- Data provided
(* Let $n$ and $k\geq 2$ be positive integers, let $P=(p_1,\dots,p_k)$ be a probability distribution on $\{1,\dots,k\}$, let $X=(X_1,\dots,X_k)$ be multinomially distributed with $n$ samples and probabilities $P$, and let $V_{n,k,P}=D\big((X_1/n,\dots,X_k/n)\,\|\,(p_1,\dots,p_k)\big)$. Then for all real $\varepsilon>\frac{k-1}{n}$, \[ \Pr\big[V_{n,k,P}\geq \varepsilon\big]\leq e^{-n\varepsilon}\cdot\left(\frac{e\varepsilon n}{k-1}\right)^{k-1}. \]
   Context: For probability distributions $(q_1,\dots,q_k)$ and $(p_1,\dots,p_k)$ on a finite set, the Kullback--Leibler divergence is $D\big((q_1,\dots,q_k)\,\|\,(p_1,\dots,p_k)\big)=\sum_{i=1}^k q_i\log\frac{q_i}{p_i}$, with natural logarithm and the usual conventions $0\log(0/p)=0$. The quantity $V_{n,k,P}$ is the divergence from $P$ to the empirical distribution of $n$ i.i.d. samples from $P$. *)

theory Defs
  imports "HOL-Analysis.Analysis"
begin

definition count_vectors :: "nat \<Rightarrow> nat \<Rightarrow> (nat \<Rightarrow> nat) set" where
  "count_vectors n k = {x. (\<forall>i. i \<notin> {1..k} \<longrightarrow> x i = 0) \<and> (\<Sum>i=1..k. x i) = n}"

definition multinomial_pmf :: "nat \<Rightarrow> nat \<Rightarrow> (nat \<Rightarrow> real) \<Rightarrow> (nat \<Rightarrow> nat) \<Rightarrow> real" where
  "multinomial_pmf n k p x =
     fact n / (\<Prod>i=1..k. fact (x i)) * (\<Prod>i=1..k. p i ^ x i)"

definition KL_div :: "nat \<Rightarrow> (nat \<Rightarrow> real) \<Rightarrow> (nat \<Rightarrow> real) \<Rightarrow> real" where
  "KL_div k q p = (\<Sum>i=1..k. if q i = 0 then 0 else q i * ln (q i / p i))"

definition V_stat :: "nat \<Rightarrow> nat \<Rightarrow> (nat \<Rightarrow> real) \<Rightarrow> (nat \<Rightarrow> nat) \<Rightarrow> real" where
  "V_stat n k p x = KL_div k (\<lambda>i. real (x i) / real n) p"

definition prob_V_ge :: "nat \<Rightarrow> nat \<Rightarrow> (nat \<Rightarrow> real) \<Rightarrow> real \<Rightarrow> real" where
  "prob_V_ge n k p eps =
     (\<Sum>x\<in>count_vectors n k. if V_stat n k p x \<ge> eps then multinomial_pmf n k p x else 0)"

end

theory Submission
  imports Defs
begin

text \<open>By the Chernoff bound, Pr[V \<ge> \<epsilon>] \<le> e^(-tn\<epsilon>) E[e^(tnV)] for every 0 \<le> t < 1.
  Writing e^(tnV) as the product of the factors (X_i / (n p_i))^(t X_i) and applying weighted
  AM-GM to each of them, E[e^(tnV)] is at most the sum over all count vectors x of
  n!/\<Prod>x_i! \<Prod>(a_i + z x_i)^(x_i), where a_i = (1 - t) p_i and z = t/n.  Abel's multinomial
  identity evaluates this sum as \<Sum>_j C(j+k-2, j) n!/(n-j)! z^j (\<Sum>a_i + nz)^(n-j).  Since
  \<Sum>a_i + nz = 1 and n!/(n-j)! \<le> n^j, it is at most \<Sum>_j C(j+k-2, j) t^j \<le> (1 - t)^(-(k-1)).
  The choice t = 1 - (k-1)/(n\<epsilon>) gives the bound.\<close>

subsection \<open>Abel's binomial identity\<close>

definition falling_fact :: "nat \<Rightarrow> nat \<Rightarrow> real" where
  "falling_fact N l = (if l \<le> N then fact N / fact (N - l) else 0)"

lemma falling_fact_le_power: "falling_fact N l \<le> real N ^ l"
proof (cases "l \<le> N")
  case True
  have "fact (N - l) dvd (fact N :: nat)"
    using True by (simp add: fact_dvd)
  then have "falling_fact N l = real (fact N div fact (N - l))"
    using True by (simp add: falling_fact_def real_of_nat_div)
  also have "\<dots> \<le> real (N ^ l)"
    by (intro of_nat_mono fact_div_fact_le_pow True)
  finally show ?thesis by simp
qed (simp add: falling_fact_def)

lemma falling_fact_Suc:
  assumes "l \<le> N"
  shows "falling_fact (Suc N) l * real (Suc N - l) = real (Suc N) * falling_fact N l"
proof -
  obtain d where d: "N = l + d"
    using assms le_Suc_ex by blast
  then have "Suc N - l = Suc d" "N - l = d"
    by auto
  then show ?thesis
    using assms by (simp add: falling_fact_def)
qed

lemma falling_fact_add:
  "j \<le> N \<Longrightarrow> falling_fact N j * falling_fact (N - j) l = falling_fact N (j + l)"
  by (auto simp: falling_fact_def)

lemma binomial_mult_falling_fact:
  assumes "m \<le> N" "j \<le> N"
  shows "real (N choose m) * falling_fact (N - m) j = falling_fact N j * real ((N - j) choose m)"
proof (cases "m \<le> N - j")
  case True
  then show ?thesis
    using assms by (simp add: falling_fact_def binomial_fact field_simps)
next
  case False
  then have "\<not> j \<le> N - m"
    using assms by arith
  then show ?thesis
    using False by (simp add: falling_fact_def)
qed

lemma alternating_binomial_sum_Suc:
  fixes f :: "nat \<Rightarrow> real"
  shows "(\<Sum>m\<le>Suc N. real (Suc N choose m) * (-1)^m * f m) =
    (\<Sum>m\<le>N. real (N choose m) * (-1)^m * f m) - (\<Sum>m\<le>N. real (N choose m) * (-1)^m * f (Suc m))"
proof -
  have "(\<Sum>m\<le>Suc N. real (Suc N choose m) * (-1)^m * f m) =
      f 0 + (\<Sum>m\<le>N. real (Suc N choose Suc m) * (-1)^Suc m * f (Suc m))"
    by (subst sum.atMost_Suc_shift) simp
  also have "\<dots> = f 0 - (\<Sum>m<N. real (N choose Suc m) * (-1)^m * f (Suc m))
      - (\<Sum>m\<le>N. real (N choose m) * (-1)^m * f (Suc m))"
    by (simp add: sum.distrib sum_subtractf algebra_simps sum_negf lessThan_Suc_atMost[symmetric])
  also have "f 0 - (\<Sum>m<N. real (N choose Suc m) * (-1)^m * f (Suc m)) =
      (\<Sum>m\<le>N. real (N choose m) * (-1)^m * f m)"
    by (subst sum.atMost_shift) (simp add: sum_negf)
  finally show ?thesis .
qed

lemma alternating_binomial_sum_power:
  fixes x z :: real
  assumes "j \<le> N"
  shows "(\<Sum>m\<le>N. real (N choose m) * (-1)^m * (x + z * real m)^j) =
    (if j = N then (-1)^N * fact N * z^N else 0)"
  using assms
proof (induction N arbitrary: j)
  case 0
  then show ?case by simp
next
  case (Suc N)
  define D where "D i = (\<Sum>m\<le>N. real (N choose m) * (-1)^m * (x + z * real m)^i)" for i
  have "(\<Sum>m\<le>N. real (N choose m) * (-1)^m * (x + z * real (Suc m))^j) =
      (\<Sum>m\<le>N. real (N choose m) * (-1)^m *
        (\<Sum>i\<le>j. real (j choose i) * (x + z * real m)^i * z^(j - i)))"
  proof (intro sum.cong refl)
    fix m
    have "(x + z * real (Suc m))^j = ((x + z * real m) + z)^j"
      by (simp add: algebra_simps)
    then show "real (N choose m) * (-1)^m * (x + z * real (Suc m))^j =
        real (N choose m) * (-1)^m * (\<Sum>i\<le>j. real (j choose i) * (x + z * real m)^i * z^(j - i))"
      by (simp add: binomial_ring)
  qed
  also have "\<dots> = (\<Sum>i\<le>j. real (j choose i) * z^(j - i) * D i)"
    unfolding D_def by (simp add: sum_distrib_left sum_distrib_right mult_ac sum.swap[of _ "{..j}"])
  finally have shift: "(\<Sum>m\<le>N. real (N choose m) * (-1)^m * (x + z * real (Suc m))^j) =
      D j + (\<Sum>i<j. real (j choose i) * z^(j - i) * D i)"
    by (simp add: lessThan_Suc_atMost[symmetric])
  have "(\<Sum>m\<le>Suc N. real (Suc N choose m) * (-1)^m * (x + z * real m)^j) =
      - (\<Sum>i<j. real (j choose i) * z^(j - i) * D i)"
    using alternating_binomial_sum_Suc[of N "\<lambda>m. (x + z * real m)^j"] shift
    unfolding D_def by simp
  also have "\<dots> = (if j = Suc N then (-1)^Suc N * fact (Suc N) * z^Suc N else 0)"
  proof (cases "j = Suc N")
    case True
    then have "(\<Sum>i<j. real (j choose i) * z^(j - i) * D i) = real (Suc N) * z * D N"
      using Suc.IH unfolding D_def by (simp add: lessThan_Suc_atMost[symmetric])
    then show ?thesis
      using True Suc.IH unfolding D_def by (simp add: algebra_simps)
  next
    case False
    then have "(\<Sum>i<j. real (j choose i) * z^(j - i) * D i) = 0"
      using Suc.IH Suc.prems unfolding D_def by (intro sum.neutral) auto
    then show ?thesis
      using False by simp
  qed
  finally show ?case .
qed

definition abel_sum :: "real \<Rightarrow> nat \<Rightarrow> real \<Rightarrow> real \<Rightarrow> real" where
  "abel_sum z N a b =
    (\<Sum>m\<le>N. real (N choose m) * (a + z * real m)^m * (b + z * real (N - m))^(N - m))"

definition falling_power_sum :: "(nat \<Rightarrow> real) \<Rightarrow> real \<Rightarrow> nat \<Rightarrow> real \<Rightarrow> real" where
  "falling_power_sum c z N s = (\<Sum>l\<le>N. c l * falling_fact N l * z^l * (s + real N * z)^(N - l))"

lemma DERIV_mult_power_add:
  fixes c d :: real
  shows "DERIV (\<lambda>x. c * (x + d)^e) x :> c * (real e * (x + d)^(e - 1))"
  by (auto intro!: derivative_eq_intros)

lemma abel_sum_deriv:
  "DERIV (abel_sum z (Suc N) a) b :> real (Suc N) * abel_sum z N a (b + z)"
proof -
  have deriv: "DERIV (abel_sum z (Suc N) a) b :>
      (\<Sum>m\<le>Suc N. real (Suc N choose m) * (a + z * real m)^m *
        (real (Suc N - m) * (b + z * real (Suc N - m))^(Suc N - m - 1)))"
    unfolding abel_sum_def by (intro DERIV_sum DERIV_mult_power_add)
  have "(\<Sum>m\<le>Suc N. real (Suc N choose m) * (a + z * real m)^m *
        (real (Suc N - m) * (b + z * real (Suc N - m))^(Suc N - m - 1))) =
      (\<Sum>m\<le>N. real (Suc N choose m) * (a + z * real m)^m *
        (real (Suc N - m) * (b + z * real (Suc N - m))^(Suc N - m - 1)))"
    by simp
  also have "\<dots> = (\<Sum>m\<le>N. real (Suc N) * (real (N choose m) * (a + z * real m)^m *
        ((b + z) + z * real (N - m))^(N - m)))"
  proof (intro sum.cong refl)
    fix m assume "m \<in> {..N}"
    then have "b + z * real (Suc N - m) = (b + z) + z * real (N - m)" "Suc N - m - 1 = N - m"
      by (simp_all add: Suc_diff_le algebra_simps)
    then have "real (Suc N choose m) * (a + z * real m)^m *
        (real (Suc N - m) * (b + z * real (Suc N - m))^(Suc N - m - 1)) =
      (a + z * real m)^m * ((b + z) + z * real (N - m))^(N - m) *
        (real (Suc N choose m) * real (Suc N - m))"
      by (simp only: ac_simps)
    also have "real (Suc N choose m) * real (Suc N - m) = real (Suc N) * real (N choose m)"
      using binomial_absorb_comp[of "Suc N" m]
      by (simp only: diff_Suc_1 mult.commute flip: of_nat_mult)
    finally show "real (Suc N choose m) * (a + z * real m)^m *
        (real (Suc N - m) * (b + z * real (Suc N - m))^(Suc N - m - 1)) =
      real (Suc N) * (real (N choose m) * (a + z * real m)^m * ((b + z) + z * real (N - m))^(N - m))"
      by (simp only: ac_simps)
  qed
  also have "\<dots> = real (Suc N) * abel_sum z N a (b + z)"
    by (simp add: abel_sum_def sum_distrib_left)
  finally show ?thesis
    using deriv by simp
qed

lemma falling_power_sum_deriv:
  "DERIV (falling_power_sum c z (Suc N)) s :> real (Suc N) * falling_power_sum c z N (s + z)"
proof -
  have deriv: "DERIV (falling_power_sum c z (Suc N)) s :>
      (\<Sum>l\<le>Suc N. c l * falling_fact (Suc N) l * z^l *
        (real (Suc N - l) * (s + real (Suc N) * z)^(Suc N - l - 1)))"
    unfolding falling_power_sum_def by (intro DERIV_sum DERIV_mult_power_add)
  have "(\<Sum>l\<le>Suc N. c l * falling_fact (Suc N) l * z^l *
        (real (Suc N - l) * (s + real (Suc N) * z)^(Suc N - l - 1))) =
      (\<Sum>l\<le>N. c l * falling_fact (Suc N) l * z^l *
        (real (Suc N - l) * (s + real (Suc N) * z)^(Suc N - l - 1)))"
    by simp
  also have "\<dots> =
      (\<Sum>l\<le>N. real (Suc N) * (c l * falling_fact N l * z^l * ((s + z) + real N * z)^(N - l)))"
  proof (intro sum.cong refl)
    fix l assume "l \<in> {..N}"
    then have ff: "falling_fact (Suc N) l * real (Suc N - l) = real (Suc N) * falling_fact N l"
      by (intro falling_fact_Suc) simp
    have "s + real (Suc N) * z = (s + z) + real N * z" "Suc N - l - 1 = N - l"
      by (simp_all add: algebra_simps)
    then have "c l * falling_fact (Suc N) l * z^l *
          (real (Suc N - l) * (s + real (Suc N) * z)^(Suc N - l - 1)) =
        c l * z^l * ((s + z) + real N * z)^(N - l) * (falling_fact (Suc N) l * real (Suc N - l))"
      by (simp only: ac_simps)
    also have "\<dots> = real (Suc N) * (c l * falling_fact N l * z^l * ((s + z) + real N * z)^(N - l))"
      unfolding ff by (simp only: ac_simps)
    finally show "c l * falling_fact (Suc N) l * z^l *
        (real (Suc N - l) * (s + real (Suc N) * z)^(Suc N - l - 1)) =
      real (Suc N) * (c l * falling_fact N l * z^l * ((s + z) + real N * z)^(N - l))" .
  qed
  also have "\<dots> = real (Suc N) * falling_power_sum c z N (s + z)"
    by (simp add: falling_power_sum_def sum_distrib_left)
  finally show ?thesis
    using deriv by simp
qed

- Requirement
Figure out how many lines in the entries above contain "close". Write only that number.

- Response box
2